> [EXERCISE]:
Of the entries below, return exactly those lines that fall between the one containing "(\<lambda>m n. B1" and the one containing "by (intro lin_ext_lin_ext)", the two end lines included.

> [SUPPLIED ENTRIES]:
lemma prodS_eq_slice: "b \<le> a \<Longrightarrow> prodS a b = slice (a + b) b"
  by (auto simp: prodS_def slice_def min_def)

lemma B0_basis_eq_slice_op:
  assumes "n \<le> m"
  shows "B0_basis m n = slice_op (B0_coeff11 qv) (B0_coeff20 qv) m n"
proof -
  have "prodS (m + 1) (n + 1) = slice (m + n + 2) (n + 1)" "prodS (m + 2) n = slice (m + n + 2) n"
    using prodS_eq_slice assms by (simp_all add: ac_simps)
  then show ?thesis
    by (simp add: B0_basis_def slice_op_def B0_coeff11_def B0_coeff20_def)
qed

lemma B1_basis_eq_slice_op:
  assumes "n \<le> m"
  shows "B1_basis m n = slice_op (B1_coeff11 qv) (B1_coeff20 qv) m n"
proof -
  have "prodS (m + 1) (n + 1) = slice (m + n + 2) (n + 1)" "prodS (m + 2) n = slice (m + n + 2) n"
    using prodS_eq_slice assms by (simp_all add: ac_simps)
  then show ?thesis
    by (simp add: B1_basis_def slice_op_def B1_coeff11_def B1_coeff20_def fun_eq_iff algebra_simps)
qed

lemma slice_op_support:
  "{p. slice_op \<alpha> \<beta> m n p \<noteq> 0} \<subseteq> (\<lambda>j. (m + n + 2 - j, j)) ` {..n + 1}"
proof
  fix p
  assume "p \<in> {p. slice_op \<alpha> \<beta> m n p \<noteq> 0}"
  then obtain i j where "p = (i, j)" "i + j = m + n + 2" "j \<le> n + 1"
    by (cases p) (auto simp: slice_op_def slice_def split: if_splits)
  then show "p \<in> (\<lambda>j. (m + n + 2 - j, j)) ` {..n + 1}"
    by (auto intro!: image_eqI[of _ _ j])
qed

lemma finite_slice_op_support: "finite {p. slice_op \<alpha> \<beta> m n p \<noteq> 0}"
  using finite_subset[OF slice_op_support] by blast

lemma inV_slice_op:
  assumes "n \<le> m"
  shows "inV (slice_op \<alpha> \<beta> m n)"
  unfolding inV_def
proof (intro conjI allI impI finite_slice_op_support)
  fix i j
  assume "slice_op \<alpha> \<beta> m n (i, j) \<noteq> 0"
  then have "(i, j) \<in> (\<lambda>j. (m + n + 2 - j, j)) ` {..n + 1}"
    using slice_op_support by blast
  with assms show "j \<le> i"
    by auto
qed

lemma lin_ext_superset:
  assumes "finite A" "{p. w p \<noteq> 0} \<subseteq> A"
  shows "lin_ext T w x = (\<Sum>p\<in>A. w p * T (fst p) (snd p) x)"
  unfolding lin_ext_def using assms by (intro sum.mono_neutral_left) auto

lemma lin_ext_antidiagonal:
  assumes "{p. w p \<noteq> 0} \<subseteq> (\<lambda>j. (M - j, j)) ` {..K}"
  shows "lin_ext T w x = (\<Sum>j\<le>K. w (M - j, j) * T (M - j) j x)"
proof -
  have "inj_on (\<lambda>j. (M - j, j)) {..K}"
    by (auto simp: inj_on_def)
  moreover have "lin_ext T w x = (\<Sum>p\<in>(\<lambda>j. (M - j, j)) ` {..K}. w p * T (fst p) (snd p) x)"
    using assms by (intro lin_ext_superset) auto
  ultimately show ?thesis
    by (simp add: sum.reindex)
qed

lemma lin_ext_cong:
  "(\<And>m n. w (m, n) \<noteq> 0 \<Longrightarrow> T m n = T' m n) \<Longrightarrow> lin_ext T w = lin_ext T' w"
  unfolding lin_ext_def by (intro ext sum.cong) auto

lemma lin_ext_scale: "lin_ext (\<lambda>m n p. c * T m n p) w = (\<lambda>p. c * lin_ext T w p)"
  by (simp add: lin_ext_def sum_distrib_left ac_simps)

lemma lin_ext_lin_ext:
  assumes "finite {p. v p \<noteq> 0}" and "\<And>m n. v (m, n) \<noteq> 0 \<Longrightarrow> finite {r. U m n r \<noteq> 0}"
  shows "lin_ext T (lin_ext U v) = lin_ext (\<lambda>m n. lin_ext T (U m n)) v"
proof
  fix x
  define S where "S = {p. v p \<noteq> 0}"
  define A where "A = (\<Union>p\<in>S. {r. U (fst p) (snd p) r \<noteq> 0})"
  have "finite A"
    using assms by (auto simp: A_def S_def)
  have "{r. lin_ext U v r \<noteq> 0} \<subseteq> A"
  proof
    fix r
    assume "r \<in> {r. lin_ext U v r \<noteq> 0}"
    then obtain p where "p \<in> S" "v p * U (fst p) (snd p) r \<noteq> 0"
      unfolding lin_ext_def S_def by (auto elim: sum.not_neutral_contains_not_neutral)
    then show "r \<in> A"
      by (auto simp: A_def)
  qed
  then have "lin_ext T (lin_ext U v) x = (\<Sum>r\<in>A. (\<Sum>p\<in>S. v p * U (fst p) (snd p) r) * T (fst r) (snd r) x)"
    using lin_ext_superset[OF \<open>finite A\<close>] by (simp add: lin_ext_def S_def)
  also have "\<dots> = (\<Sum>p\<in>S. v p * (\<Sum>r\<in>A. U (fst p) (snd p) r * T (fst r) (snd r) x))"
    by (simp add: sum_distrib_left sum_distrib_right mult.assoc sum.swap[of _ A])
  also have "\<dots> = (\<Sum>p\<in>S. v p * lin_ext T (U (fst p) (snd p)) x)"
  proof (rule sum.cong[OF refl])
    fix p
    assume "p \<in> S"
    then have "{r. U (fst p) (snd p) r \<noteq> 0} \<subseteq> A"
      by (auto simp: A_def)
    then show "v p * (\<Sum>r\<in>A. U (fst p) (snd p) r * T (fst r) (snd r) x) = v p * lin_ext T (U (fst p) (snd p)) x"
      by (simp add: lin_ext_superset[OF \<open>finite A\<close>])
  qed
  also have "\<dots> = lin_ext (\<lambda>m n. lin_ext T (U m n)) v x"
    by (simp add: lin_ext_def S_def)
  finally show "lin_ext T (lin_ext U v) x = lin_ext (\<lambda>m n. lin_ext T (U m n)) v x" .
qed

lemma lin_ext_slice_op_slice_op:
  "lin_ext (slice_op \<gamma> \<delta>) (slice_op \<alpha> \<beta> m n)
     = (\<lambda>p. \<Sum>j\<le>n + 2. comp_coeff \<alpha> \<beta> \<gamma> \<delta> m n j * slice (m + n + 4) j p)"
proof
  fix p
  define M where "M = m + n + 2"
  define w where "w j = slice_op \<alpha> \<beta> m n (M - j, j)" for j
  define s where "s j = (slice (m + n + 4) j p :: coeff)" for j
  have "w (n + 2) = 0"
    by (simp add: w_def M_def slice_op_def slice_def)
  have "lin_ext (slice_op \<gamma> \<delta>) (slice_op \<alpha> \<beta> m n) p
      = (\<Sum>j\<le>n + 1. w j * slice_op \<gamma> \<delta> (M - j) j p)"
    unfolding w_def M_def by (rule lin_ext_antidiagonal[OF slice_op_support])
  also have "\<dots> = (\<Sum>j\<le>n + 1. w j * \<gamma> (M - j) j * s (Suc j) + w j * \<delta> (M - j) j * s j)"
  proof (rule sum.cong[OF refl])
    fix j
    assume "j \<in> {..n + 1}"
    then have "M - j + j + 2 = m + n + 4"
      by (simp add: M_def)
    then show "w j * slice_op \<gamma> \<delta> (M - j) j p = w j * \<gamma> (M - j) j * s (Suc j) + w j * \<delta> (M - j) j * s j"
      by (simp only: slice_op_def s_def Suc_eq_plus1 algebra_simps)
  qed
  also have "\<dots> = (\<Sum>j\<le>n + 1. w j * \<gamma> (M - j) j * s (Suc j)) + (\<Sum>j\<le>n + 1. w j * \<delta> (M - j) j * s j)"
    by (rule sum.distrib)
  also have "\<dots> = (\<Sum>j\<le>n + 2. (case j of 0 \<Rightarrow> 0 | Suc i \<Rightarrow> w i * \<gamma> (M - i) i) * s j)
      + (\<Sum>j\<le>n + 2. w j * \<delta> (M - j) j * s j)"
  proof -
    have "(\<Sum>j\<le>n + 1. w j * \<gamma> (M - j) j * s (Suc j))
        = (\<Sum>j\<le>Suc (n + 1). (case j of 0 \<Rightarrow> 0 | Suc i \<Rightarrow> w i * \<gamma> (M - i) i) * s j)"
      by (subst sum.atMost_Suc_shift) simp
    moreover have "(\<Sum>j\<le>n + 1. w j * \<delta> (M - j) j * s j) = (\<Sum>j\<le>Suc (n + 1). w j * \<delta> (M - j) j * s j)"
      using \<open>w (n + 2) = 0\<close> by simp
    ultimately show ?thesis
      by simp
  qed
  also have "\<dots> = (\<Sum>j\<le>n + 2. comp_coeff \<alpha> \<beta> \<gamma> \<delta> m n j * s j)"
    unfolding comp_coeff_def Let_def w_def M_def by (simp add: sum.distrib algebra_simps)
  finally show "lin_ext (slice_op \<gamma> \<delta>) (slice_op \<alpha> \<beta> m n) p
      = (\<Sum>j\<le>n + 2. comp_coeff \<alpha> \<beta> \<gamma> \<delta> m n j * slice (m + n + 4) j p)"
    by (simp only: s_def)
qed

lemma comp_coeff_eqs:
  "comp_coeff \<alpha> \<beta> \<gamma> \<delta> m n 0 = (\<alpha> m n + \<beta> m n) * \<delta> (m + n + 2) 0"
  "j < n \<Longrightarrow> comp_coeff \<alpha> \<beta> \<gamma> \<delta> m n (Suc j)
     = (\<alpha> m n + \<beta> m n) * (\<gamma> (m + n + 2 - j) j + \<delta> (m + n + 1 - j) (Suc j))"
  "comp_coeff \<alpha> \<beta> \<gamma> \<delta> m n (Suc n) = (\<alpha> m n + \<beta> m n) * \<gamma> (m + 2) n + \<alpha> m n * \<delta> (m + 1) (Suc n)"
  "comp_coeff \<alpha> \<beta> \<gamma> \<delta> m n (Suc (Suc n)) = \<alpha> m n * \<gamma> (m + 1) (Suc n)"
  "n + 2 < j \<Longrightarrow> comp_coeff \<alpha> \<beta> \<gamma> \<delta> m n j = 0"
  by (auto simp: comp_coeff_def slice_op_def slice_def algebra_simps split: nat.split)

lemma B1_coeff_sum:
  shows "B1_coeff11 q m n + B1_coeff20 q m n = - (q ^ (m + n + 2) * (B0_coeff11 q m n + B0_coeff20 q m n))"
  by (simp add: B0_coeff11_def B0_coeff20_def B1_coeff11_def B1_coeff20_def algebra_simps power_add)

lemma B1_coeff_sum_adjacent:
  shows "B1_coeff11 q (k + 1) i + B1_coeff20 q k (i + 1)
       = - (q ^ (k + i + 2) * (B0_coeff11 q (k + 1) i + B0_coeff20 q k (i + 1)))"
  by (simp add: B0_coeff11_def B0_coeff20_def B1_coeff11_def B1_coeff20_def algebra_simps power_add)

lemma comp_coeff_B1_B0:
  fixes q :: "'a::comm_ring_1"
  shows "comp_coeff (B0_coeff11 q) (B0_coeff20 q) (B1_coeff11 q) (B1_coeff20 q) m n j
       = q * comp_coeff (B1_coeff11 q) (B1_coeff20 q) (B0_coeff11 q) (B0_coeff20 q) m n j"
proof -
  note defs = comp_coeff_eqs B0_coeff11_def B0_coeff20_def B1_coeff11_def B1_coeff20_def
  have "j = 0 \<or> 0 < j \<and> j \<le> n \<or> j = n + 1 \<or> j = n + 2 \<or> n + 2 < j"
    by linarith
  then consider "j = 0" | i where "j = Suc i" "i < n" | "j = Suc n" | "j = Suc (Suc n)" | "n + 2 < j"
    by (metis Suc_eq_plus1 Suc_le_eq add_2_eq_Suc' gr0_conv_Suc)
  then show ?thesis
  proof cases
    case (2 i)
    define k where "k = m + n + 1 - i"
    have k: "m + n + 2 - i = k + 1" "m + n + 1 - i = k" "k + i + 2 = Suc (m + n + 2)"
      using 2 by (auto simp: k_def)
    let ?s = "B0_coeff11 q m n + B0_coeff20 q m n"
    let ?t = "B0_coeff11 q (k + 1) i + B0_coeff20 q k (i + 1)"
    have "comp_coeff (B0_coeff11 q) (B0_coeff20 q) (B1_coeff11 q) (B1_coeff20 q) m n j
        = ?s * (B1_coeff11 q (k + 1) i + B1_coeff20 q k (i + 1))"
      using 2 k by (simp add: comp_coeff_eqs)
    also have "\<dots> = - (q * q ^ (m + n + 2) * ?s * ?t)"
      unfolding B1_coeff_sum_adjacent k(3) by (simp add: algebra_simps)
    also have "\<dots> = q * ((B1_coeff11 q m n + B1_coeff20 q m n) * ?t)"
      unfolding B1_coeff_sum by (simp add: algebra_simps)
    also have "\<dots> = q * comp_coeff (B1_coeff11 q) (B1_coeff20 q) (B0_coeff11 q) (B0_coeff20 q) m n j"
      using 2 k by (simp add: comp_coeff_eqs)
    finally show ?thesis .
  qed (simp_all add: defs algebra_simps power_add)
qed

lemma lin_ext_B0_basis:
  "inV w \<Longrightarrow> lin_ext B0_basis w = lin_ext (slice_op (B0_coeff11 qv) (B0_coeff20 qv)) w"
  by (rule lin_ext_cong) (simp add: inV_def B0_basis_eq_slice_op)

lemma lin_ext_B1_basis:
  "inV w \<Longrightarrow> lin_ext B1_basis w = lin_ext (slice_op (B1_coeff11 qv) (B1_coeff20 qv)) w"
  by (rule lin_ext_cong) (simp add: inV_def B1_basis_eq_slice_op)

lemma B1_B0_basis_qcommute:
  assumes "n \<le> m"
  shows "B1 (B0_basis m n) = (\<lambda>p. qv * B0 (B1_basis m n) p)"
proof -
  let ?\<alpha>\<^sub>0 = "B0_coeff11 qv" and ?\<beta>\<^sub>0 = "B0_coeff20 qv"
  let ?\<alpha>\<^sub>1 = "B1_coeff11 qv" and ?\<beta>\<^sub>1 = "B1_coeff20 qv"
  have "B1 (B0_basis m n) = lin_ext (slice_op ?\<alpha>\<^sub>1 ?\<beta>\<^sub>1) (slice_op ?\<alpha>\<^sub>0 ?\<beta>\<^sub>0 m n)"
    using assms by (simp add: B1_def B0_basis_eq_slice_op lin_ext_B1_basis inV_slice_op)
  also have "\<dots> = (\<lambda>p. \<Sum>j\<le>n + 2. comp_coeff ?\<alpha>\<^sub>0 ?\<beta>\<^sub>0 ?\<alpha>\<^sub>1 ?\<beta>\<^sub>1 m n j * slice (m + n + 4) j p)"
    by (rule lin_ext_slice_op_slice_op)
  also have "\<dots> = (\<lambda>p. qv * (\<Sum>j\<le>n + 2. comp_coeff ?\<alpha>\<^sub>1 ?\<beta>\<^sub>1 ?\<alpha>\<^sub>0 ?\<beta>\<^sub>0 m n j * slice (m + n + 4) j p))"
    by (simp only: comp_coeff_B1_B0 sum_distrib_left mult.assoc)
  also have "\<dots> = (\<lambda>p. qv * lin_ext (slice_op ?\<alpha>\<^sub>0 ?\<beta>\<^sub>0) (slice_op ?\<alpha>\<^sub>1 ?\<beta>\<^sub>1 m n) p)"
    by (simp add: lin_ext_slice_op_slice_op)
  also have "\<dots> = (\<lambda>p. qv * B0 (B1_basis m n) p)"
    using assms by (simp add: B0_def B1_basis_eq_slice_op lin_ext_B0_basis inV_slice_op)
  finally show ?thesis .
qed

theorem mainTheorem10:
  assumes "inV v"
  shows "B1 (B0 v) = (\<lambda>p. qv * B0 (B1 v) p)"
proof -
  have fin: "finite {p. v p \<noteq> 0}" and le: "\<And>m n. v (m, n) \<noteq> 0 \<Longrightarrow> n \<le> m"
    using assms by (auto simp: inV_def)
  have "B1 (B0 v) = lin_ext (\<lambda>m n. B1 (B0_basis m n)) v"
    unfolding B0_def B1_def using fin le
    by (intro lin_ext_lin_ext) (simp_all add: B0_basis_eq_slice_op finite_slice_op_support)
  also have "\<dots> = lin_ext (\<lambda>m n p. qv * B0 (B1_basis m n) p) v"
    using le by (intro lin_ext_cong) (simp add: B1_B0_basis_qcommute)
  also have "\<dots> = (\<lambda>p. qv * B0 (B1 v) p)"
    unfolding lin_ext_scale B0_def B1_def using fin le
    by (subst lin_ext_lin_ext) (simp_all add: B1_basis_eq_slice_op finite_slice_op_support)
  finally show ?thesis .
qed

end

> [EXERCISE ANSWER]:
  have "B1 (B0 v) = lin_ext (\<lambda>m n. B1 (B0_basis m n)) v"
    unfolding B0_def B1_def using fin le
    by (intro lin_ext_lin_ext) (simp_all add: B0_basis_eq_slice_op finite_slice_op_support)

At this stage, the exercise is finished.